(* Write R_i(w) = sum_j w(j) E_{i,j} for the matrix whose only non-zero row is
   row i, equal to w.  These matrices multiply by R_i(x) R_j(y) = x(j) R_i(y).  Consider the
   support graph on {0..<n} with an edge a -> b iff v_a(b) \<noteq> 0.  If i -> ... -> j is a path,
   then multiplying R_i(v_i), R_{i'}(v_{i'}), ..., R_j(v_j) and rescaling shows that R_i(v_j)
   lies in the generated algebra A.
   Pick j whose set I of successors is minimal; then every i \<in> I reaches j back, so
   R_i(v_j) \<in> A for all i \<in> I, while v_j is supported on I.  A permutation matrix moving I to
   the first k = |I| coordinates is unitary and conjugates R_i(v_j), i \<in> I, into the
   matrices sum_{t<k} v(t) E_{s,t} for the compressed non-zero vector v \<in> C^k. *)

lemma row_embed_partial_sum:
  assumes "m \<le> n"
  shows "foldr (\<lambda>j M. (v $ j) \<cdot>\<^sub>m mat_unit n i j + M) [l..<m] (0\<^sub>m n n)
     = mat n n (\<lambda>(a,b). if a = i \<and> l \<le> b \<and> b < m then v $ b else 0)"
  using assms
proof (induction "m - l" arbitrary: l)
  case 0
  then show ?case by (intro eq_matI) auto
next
  case (Suc d)
  then have l: "l < m" by auto
  have IH: "foldr (\<lambda>j M. (v $ j) \<cdot>\<^sub>m mat_unit n i j + M) [Suc l..<m] (0\<^sub>m n n)
     = mat n n (\<lambda>(a,b). if a = i \<and> Suc l \<le> b \<and> b < m then v $ b else 0)"
    using Suc by auto
  show ?case using l IH Suc(3)
    by (subst upt_conv_Cons[OF l]) (auto intro!: eq_matI simp: mat_unit_def)
qed

lemma row_embed_eq:
  assumes "dim_vec v \<le> n"
  shows "row_embed n i v = mat n n (\<lambda>(a,b). if a = i \<and> b < dim_vec v then v $ b else 0)"
  unfolding row_embed_def using row_embed_partial_sum[OF assms, of v i 0] by simp

lemma row_embed_full:
  assumes "w \<in> carrier_vec n"
  shows "row_embed n i w = mat n n (\<lambda>(a,b). if a = i then w $ b else 0)"
  using assms by (auto simp: row_embed_eq intro!: eq_matI)

lemma row_embed_carrier: "w \<in> carrier_vec n \<Longrightarrow> row_embed n i w \<in> carrier_mat n n"
  by (simp add: row_embed_full)

lemma row_embed_mult:
  assumes x: "x \<in> carrier_vec n" and y: "y \<in> carrier_vec n" and j: "j < n"
  shows "row_embed n i x * row_embed n j y = (x $ j) \<cdot>\<^sub>m row_embed n i y"
proof (rule eq_matI)
  fix a b assume "a < dim_row ((x $ j) \<cdot>\<^sub>m row_embed n i y)"
    "b < dim_col ((x $ j) \<cdot>\<^sub>m row_embed n i y)"
  then have "a < n" "b < n" using y by (auto simp: row_embed_full)
  then show "(row_embed n i x * row_embed n j y) $$ (a, b) = ((x $ j) \<cdot>\<^sub>m row_embed n i y) $$ (a, b)"
    using x y j
    by (auto simp: row_embed_full scalar_prod_def row_def col_def if_distrib sum.delta cong: if_cong)
qed (use x y in \<open>auto simp: row_embed_full\<close>)

definition supp_graph :: "nat \<Rightarrow> (nat \<Rightarrow> complex vec) \<Rightarrow> (nat \<times> nat) set" where
  "supp_graph n vs = {(a,b). a < n \<and> b < n \<and> vs a $ b \<noteq> 0}"

(* Path lemma: if i reaches j in the support graph, then R_i(v_j) lies in the algebra.
   Induction on the path from i: for an edge i -> i' we have
   R_i(v_j) = v_i(i')^{-1} R_i(v_i) R_{i'}(v_j). *)
lemma row_embed_in_gen_alg_path:
  assumes vs: "\<And>i. i < n \<Longrightarrow> vs i \<in> carrier_vec n"
    and path: "(i,j) \<in> (supp_graph n vs)\<^sup>*" and j: "j < n"
  shows "row_embed n i (vs j) \<in> gen_alg n {row_embed n i (vs i) | i. i < n}"
  using path
proof (induction rule: converse_rtrancl_induct)
  case base
  show ?case by (rule gen_alg.gen) (use j vs row_embed_carrier in auto)
next
  case (step i i')
  then have i: "i < n" "i' < n" and c: "vs i $ i' \<noteq> 0" by (auto simp: supp_graph_def)
  have "row_embed n i (vs i) \<in> gen_alg n {row_embed n i (vs i) | i. i < n}"
    by (rule gen_alg.gen) (use i vs row_embed_carrier in auto)
  with step.IH have "(1 / vs i $ i') \<cdot>\<^sub>m (row_embed n i (vs i) * row_embed n i' (vs j))
      \<in> gen_alg n {row_embed n i (vs i) | i. i < n}"
    by (intro gen_alg.smult gen_alg.mult)
  also have "(1 / vs i $ i') \<cdot>\<^sub>m (row_embed n i (vs i) * row_embed n i' (vs j)) = row_embed n i (vs j)"
    using c by (simp add: row_embed_mult vs i j) (auto intro!: eq_matI simp: row_embed_full vs j)
  finally show ?case .
qed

══════════

▶ TASK INSTRUCTIONS
Write out the records above exactly, from the opening line to the line with "Pick j whose", including both, with nothing added.

▶ REPLY
(* Write R_i(w) = sum_j w(j) E_{i,j} for the matrix whose only non-zero row is
   row i, equal to w.  These matrices multiply by R_i(x) R_j(y) = x(j) R_i(y).  Consider the
   support graph on {0..<n} with an edge a -> b iff v_a(b) \<noteq> 0.  If i -> ... -> j is a path,
   then multiplying R_i(v_i), R_{i'}(v_{i'}), ..., R_j(v_j) and rescaling shows that R_i(v_j)
   lies in the generated algebra A.
   Pick j whose set I of successors is minimal; then every i \<in> I reaches j back, so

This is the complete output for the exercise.